[dm-devel] [PATCH 3/3] dm clone: Flush destination device before committing metadata
Nikos Tsironis
ntsironis at arrikto.com
Thu Dec 5 22:42:11 UTC 2019
On 12/6/19 12:09 AM, Mike Snitzer wrote:
> On Thu, Dec 05 2019 at 4:49pm -0500,
> Nikos Tsironis <ntsironis at arrikto.com> wrote:
>
>> On 12/5/19 10:07 PM, Mike Snitzer wrote:
>>> On Thu, Dec 05 2019 at 2:46pm -0500,
>>> Mike Snitzer <snitzer at redhat.com> wrote:
>>>
>>>> On Wed, Dec 04 2019 at 9:06P -0500,
>>>> Nikos Tsironis <ntsironis at arrikto.com> wrote:
>>>>
>>>>> dm-clone maintains an on-disk bitmap which records which regions are
>>>>> valid in the destination device, i.e., which regions have already been
>>>>> hydrated, or have been written to directly, via user I/O.
>>>>>
>>>>> Setting a bit in the on-disk bitmap meas the corresponding region is
>>>>> valid in the destination device and we redirect all I/O regarding it to
>>>>> the destination device.
>>>>>
>>>>> Suppose the destination device has a volatile write-back cache and the
>>>>> following sequence of events occur:
>>>>>
>>>>> 1. A region gets hydrated, either through the background hydration or
>>>>> because it was written to directly, via user I/O.
>>>>>
>>>>> 2. The commit timeout expires and we commit the metadata, marking that
>>>>> region as valid in the destination device.
>>>>>
>>>>> 3. The system crashes and the destination device's cache has not been
>>>>> flushed, meaning the region's data are lost.
>>>>>
>>>>> The next time we read that region we read it from the destination
>>>>> device, since the metadata have been successfully committed, but the
>>>>> data are lost due to the crash, so we read garbage instead of the old
>>>>> data.
>>>>>
>>>>> This has several implications:
>>>>>
>>>>> 1. In case of background hydration or of writes with size smaller than
>>>>> the region size (which means we first copy the whole region and then
>>>>> issue the smaller write), we corrupt data that the user never
>>>>> touched.
>>>>>
>>>>> 2. In case of writes with size equal to the device's logical block size,
>>>>> we fail to provide atomic sector writes.

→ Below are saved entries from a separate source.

(* Let $(i^*_k,j^*_k)$ and $\mu_k$, $k=1,\dots,n$, be a sequence of $k$-th order bottleneck edges and robustness margins, and let $\Pi^*$ be a sequential bottleneck optimising assignment for this sequence. Assume $\mu_k>0$ for all $k\in\{1,\dots,n\}$. Then $\Pi^*\in\mathcal P_{\mathcal A,\mathcal T}(\mathcal A\times\mathcal T)$, $w_{i^*_1,j^*_1}\ge w_{i^*_2,j^*_2}\ge\dots\ge w_{i^*_n,j^*_n}$, and $\Pi^*$ is the unique lexicographic optimiser in the following sense: for every $\Pi'\in\mathcal P_{\mathcal A,\mathcal T}(\mathcal A\times\mathcal T)$ with $\Pi'\ne\Pi^*$, letting $(w'_1,\dots,w'_n)$ be the weights $w_{i,j}$ of the $n$ pairs $(i,j)$ with $\pi'_{i,j}=1$ listed in non-increasing order, either $w_{i^*_1,j^*_1}<w'_1$, or there is $l\in\{2,\dots,n\}$ with $w_{i^*_k,j^*_k}=w'_k$ for all $k<l$ and $w_{i^*_l,j^*_l}<w'_l$. In particular, the sequence $(w_{i^*_1,j^*_1},\dots,w_{i^*_n,j^*_n})$ and the assignment $\Pi^*$ do not depend on the choices of the $k$-th order bottleneck edges.
   Context: Let $\mathcal A$ be a finite set of agents with $|\mathcal A|=m>1$ and $\mathcal T$ a finite set of tasks with $m\ge|\mathcal T|=n\ge 1$. Let $\mathcal W=\{w_{i,j}\ge 0:(i,j)\in\mathcal A\times\mathcal T\}$ be given assignment weights. An assignment is a family $\Pi=\{\pi_{i,j}\in\{0,1\}:(i,j)\in\mathcal A\times\mathcal T\}$. For $\bar{\mathcal A}\subseteq\mathcal A$, $\bar{\mathcal T}\subseteq\mathcal T$ and $\hat{\mathcal E}\subseteq\bar{\mathcal A}\times\bar{\mathcal T}$, $\mathcal P_{\bar{\mathcal A},\bar{\mathcal T}}(\hat{\mathcal E})$ is the set of assignments $\Pi$ with $\sum_{i:(i,j)\in\hat{\mathcal E}}\pi_{i,j}=1$ for every $j\in\bar{\mathcal T}$ and $\sum_{j:(i,j)\in\hat{\mathcal E}}\pi_{i,j}\le 1$ for every $i\in\bar{\mathcal A}$. Define $b(\Pi,\hat{\mathcal E},\mathcal W)=\max_{(i,j)\in\hat{\mathcal E}}\pi_{i,j}w_{i,j}$; $B_{\bar{\mathcal A},\bar{\mathcal T}}(\hat{\mathcal E},\mathcal W)=\min_{\Pi\in\mathcal P_{\bar{\mathcal A},\bar{\mathcal T}}(\hat{\mathcal E})}b(\Pi,\hat{\mathcal E},\mathcal W)$ (with $\min\emptyset=+\infty$); $\mathcal B_{\bar{\mathcal A},\bar{\mathcal T}}(\hat{\mathcal E},\mathcal W)$ the corresponding set of minimisers (bottleneck minimising assignments); and $E_{\bar{\mathcal A},\bar{\mathcal T}}(\hat{\mathcal E},\mathcal W)=\{(i,j)\in\hat{\mathcal E}: w_{i,j}=B_{\bar{\mathcal A},\bar{\mathcal T}}(\hat{\mathcal E},\mathcal W)\}$. For $\bar{\mathcal E}=\bar{\mathcal A}\times\bar{\mathcal T}$ with $|\bar{\mathcal E}|>1$: $e_{\bar{\mathcal A},\bar{\mathcal T}}(\mathcal W)=\arg\max_{(i,j)\in E_{\bar{\mathcal A},\bar{\mathcal T}}(\bar{\mathcal E},\mathcal W)}B_{\bar{\mathcal A},\bar{\mathcal T}}(\bar{\mathcal E}\setminus\{(i,j)\},\mathcal W)$ (maximum-margin bottleneck edges) and $r_{\bar{\mathcal A},\bar{\mathcal T}}(\mathcal W)=\max_{(i,j)\in E_{\bar{\mathcal A},\bar{\mathcal T}}(\bar{\mathcal E},\mathcal W)}\big(B_{\bar{\mathcal A},\bar{\mathcal T}}(\bar{\mathcal E}\setminus\{(i,j)\},\mathcal W)-w_{i,j}\big)$ (robustness margin); if $|\bar{\mathcal E}|=1$, $e_{\bar{\mathcal A},\bar{\mathcal T}}(\mathcal W)=\bar{\mathcal E}$ and $r_{\bar{\mathcal A},\bar{\mathcal T}}(\mathcal W)=\infty$. Sequential bottleneck assignment: set $\bar{\mathcal A}_1=\mathcal A$, $\bar{\mathcal T}_1=\mathcal T$, and for $k=1,\dots,n$ let $\bar{\mathcal E}_k=\bar{\mathcal A}_k\times\bar{\mathcal T}_k$, choose a $k$-th order bottleneck edge $(i^*_k,j^*_k)\in e_{\bar{\mathcal A}_k,\bar{\mathcal T}_k}(\mathcal W)$ (any choice), let $\mu_k=r_{\bar{\mathcal A}_k,\bar{\mathcal T}_k}(\mathcal W)$ be the $k$-th order robustness margin, and set $\bar{\mathcal A}_{k+1}=\bar{\mathcal A}_k\setminus\{i^*_k\}$, $\bar{\mathcal T}_{k+1}=\bar{\mathcal T}_k\setminus\{j^*_k\}$. Given these choices, an assignment $\Pi^*$ is sequential bottleneck optimising if $\Pi^*\in\mathcal B_{\bar{\mathcal A}_k,\bar{\mathcal T}_k}(\bar{\mathcal E}_k,\mathcal W)$ for every $k\in\{1,\dots,n\}$. *)

theory Defs
  imports Complex_Main "HOL-Library.Multiset" "HOL-Library.Extended_Real"
begin
lemma bij_betw_levelwise:
  assumes "S \<subseteq> {..<n} \<times> UNIV" "Y \<subseteq> {..<n} \<times> UNIV"
  shows "bij_betw (levelwise g) S Y \<longleftrightarrow> (\<forall>i<n. bij_betw (g i) (S `` {i}) (Y `` {i}))"
proof -
  have "inj_on (levelwise g) S \<longleftrightarrow> (\<forall>i<n. inj_on (g i) (S `` {i}))"
  proof
    assume inj: "inj_on (levelwise g) S"
    show "\<forall>i<n. inj_on (g i) (S `` {i})"
    proof (intro allI impI inj_onI)
      fix i x y assume "x \<in> S `` {i}" "y \<in> S `` {i}" "g i x = g i y"
      then show "x = y" using inj_onD[OF inj, of "(i, x)" "(i, y)"] by simp
    qed
  next
    assume inj: "\<forall>i<n. inj_on (g i) (S `` {i})"
    show "inj_on (levelwise g) S"
    proof (rule inj_onI)
      fix p q assume pq: "p \<in> S" "q \<in> S" "levelwise g p = levelwise g q"
      then have "fst p = fst q" and "fst p < n" using assms(1) by (auto dest: arg_cong[of _ _ fst])
      moreover have "snd p \<in> S `` {fst p}" "snd q \<in> S `` {fst p}"
        using pq(1,2) \<open>fst p = fst q\<close> by (metis Image_singleton_iff prod.collapse)+
      moreover have "g (fst p) (snd p) = g (fst p) (snd q)"
        using pq(3) \<open>fst p = fst q\<close> by (simp add: levelwise_def)
      ultimately have "snd p = snd q"
        using inj_onD[OF inj[rule_format, OF \<open>fst p < n\<close>]] by blast
      with \<open>fst p = fst q\<close> show "p = q" by (rule prod_eqI)
    qed
  qed
  moreover have "levelwise g ` S = Y \<longleftrightarrow> (\<forall>i<n. g i ` (S `` {i}) = Y `` {i})"
  proof -
    have "levelwise g ` S \<subseteq> {..<n} \<times> UNIV" using assms(1) by (auto simp: levelwise_def)
    then show ?thesis using assms(2) by (simp add: set_eq_iff_Image Image_levelwise)
  qed
  ultimately show ?thesis by (simp only: bij_betw_def imp_conjR all_conj_distrib)
qed

definition preserves_rels ::
  "'r set \<Rightarrow> ('r \<Rightarrow> nat) \<Rightarrow> ('a, 'r) struct \<Rightarrow> ('b, 'r) struct \<Rightarrow> ('a \<Rightarrow> 'b) \<Rightarrow> bool" where
  "preserves_rels L ar A B f \<longleftrightarrow>
     (\<forall>R\<in>L. \<forall>xs. length xs = ar R \<and> set xs \<subseteq> univ A \<longrightarrow> (rel A R xs \<longleftrightarrow> rel B R (map f xs)))"

lemma is_iso_iff_preserves_rels:
  "is_iso L ar A B f \<longleftrightarrow> bij_betw f (univ A) (univ B) \<and> preserves_rels L ar A B f"
  by (simp add: is_iso_def preserves_rels_def)

lemma map_Pair_map_snd: "set (map fst xs) \<subseteq> {i} \<Longrightarrow> map (Pair i) (map snd xs) = xs"
  by (induction xs) auto

lemma map_fst_levelwise: "map fst (map (levelwise g) xs) = map fst xs"
  by simp

lemma rel_In_struct_map_levelwise_Pair:
  assumes "R \<noteq> lt \<or> length xs = 2"
  shows "rel (In_struct lt n T) (Inl R) (map (levelwise g) (map (Pair i) xs)) \<longleftrightarrow> rel T R (map (g i) xs)"
proof -
  have "map (levelwise g) (map (Pair i) xs) = map (Pair i) (map (g i) xs)" by simp
  then show ?thesis using assms by (simp only: rel_In_struct_Pair length_map)
qed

When the system recovers the
>>>>> user will read garbage from the sector instead of the old data or the
>>>>> new data.
>>>>>
>>>>> 3. In case of writes without the FUA flag set, after the system
>>>>> recovers, the written sectors will contain garbage instead of a
>>>>> random mix of sectors containing either old data or new data, thus we
>>>>> fail again to provide atomic sector writes.
>>>>>
>>>>> 4. Even when the user flushes the dm-clone device, because we first
>>>>> commit the metadata and then pass down the flush, the same risk for
>>>>> corruption exists (if the system crashes after the metadata have been
>>>>> committed but before the flush is passed down).
>>>>>
>>>>> The only case which is unaffected is that of writes with size equal to
>>>>> the region size and with the FUA flag set. But, because FUA writes
>>>>> trigger metadata commits, this case can trigger the corruption
>>>>> indirectly.
>>>>>
>>>>> To solve this and avoid the potential data corruption we flush the
>>>>> destination device **before** committing the metadata.
>>>>>
>>>>> This ensures that any freshly hydrated regions, for which we commit the
>>>>> metadata, are properly written to non-volatile storage and won't be lost
>>>>> in case of a crash.
>>>>>
>>>>> Fixes: 7431b7835f55 ("dm: add clone target")
>>>>> Cc: stable at vger.kernel.org # v5.4+
>>>>> Signed-off-by: Nikos Tsironis <ntsironis at arrikto.com>
>>>>> ---
>>>>> drivers/md/dm-clone-target.c | 46 ++++++++++++++++++++++++++++++++++++++------
>>>>> 1 file changed, 40 insertions(+), 6 deletions(-)
>>>>>
>>>>> diff --git a/drivers/md/dm-clone-target.c b/drivers/md/dm-clone-target.c
>>>>> index 613c913c296c..d1e1b5b56b1b 100644
>>>>> --- a/drivers/md/dm-clone-target.c
>>>>> +++ b/drivers/md/dm-clone-target.c
>>>>> @@ -86,6 +86,12 @@ struct clone {
>>>>> struct dm_clone_metadata *cmd;
>>>>> + /*
>>>>> + * bio used to flush the destination device, before committing the
>>>>> + * metadata.
>>>>> + */
>>>>> + struct bio flush_bio;
>>>>> +
>>>>> /* Region hydration hash table */
>>>>> struct hash_table_bucket *ht;
>>>>> @@ -1108,10 +1114,13 @@ static bool need_commit_due_to_time(struct clone *clone)
>>>>> /*
>>>>> * A non-zero return indicates read-only or fail mode.
>>>>> */
>>>>> -static int commit_metadata(struct clone *clone)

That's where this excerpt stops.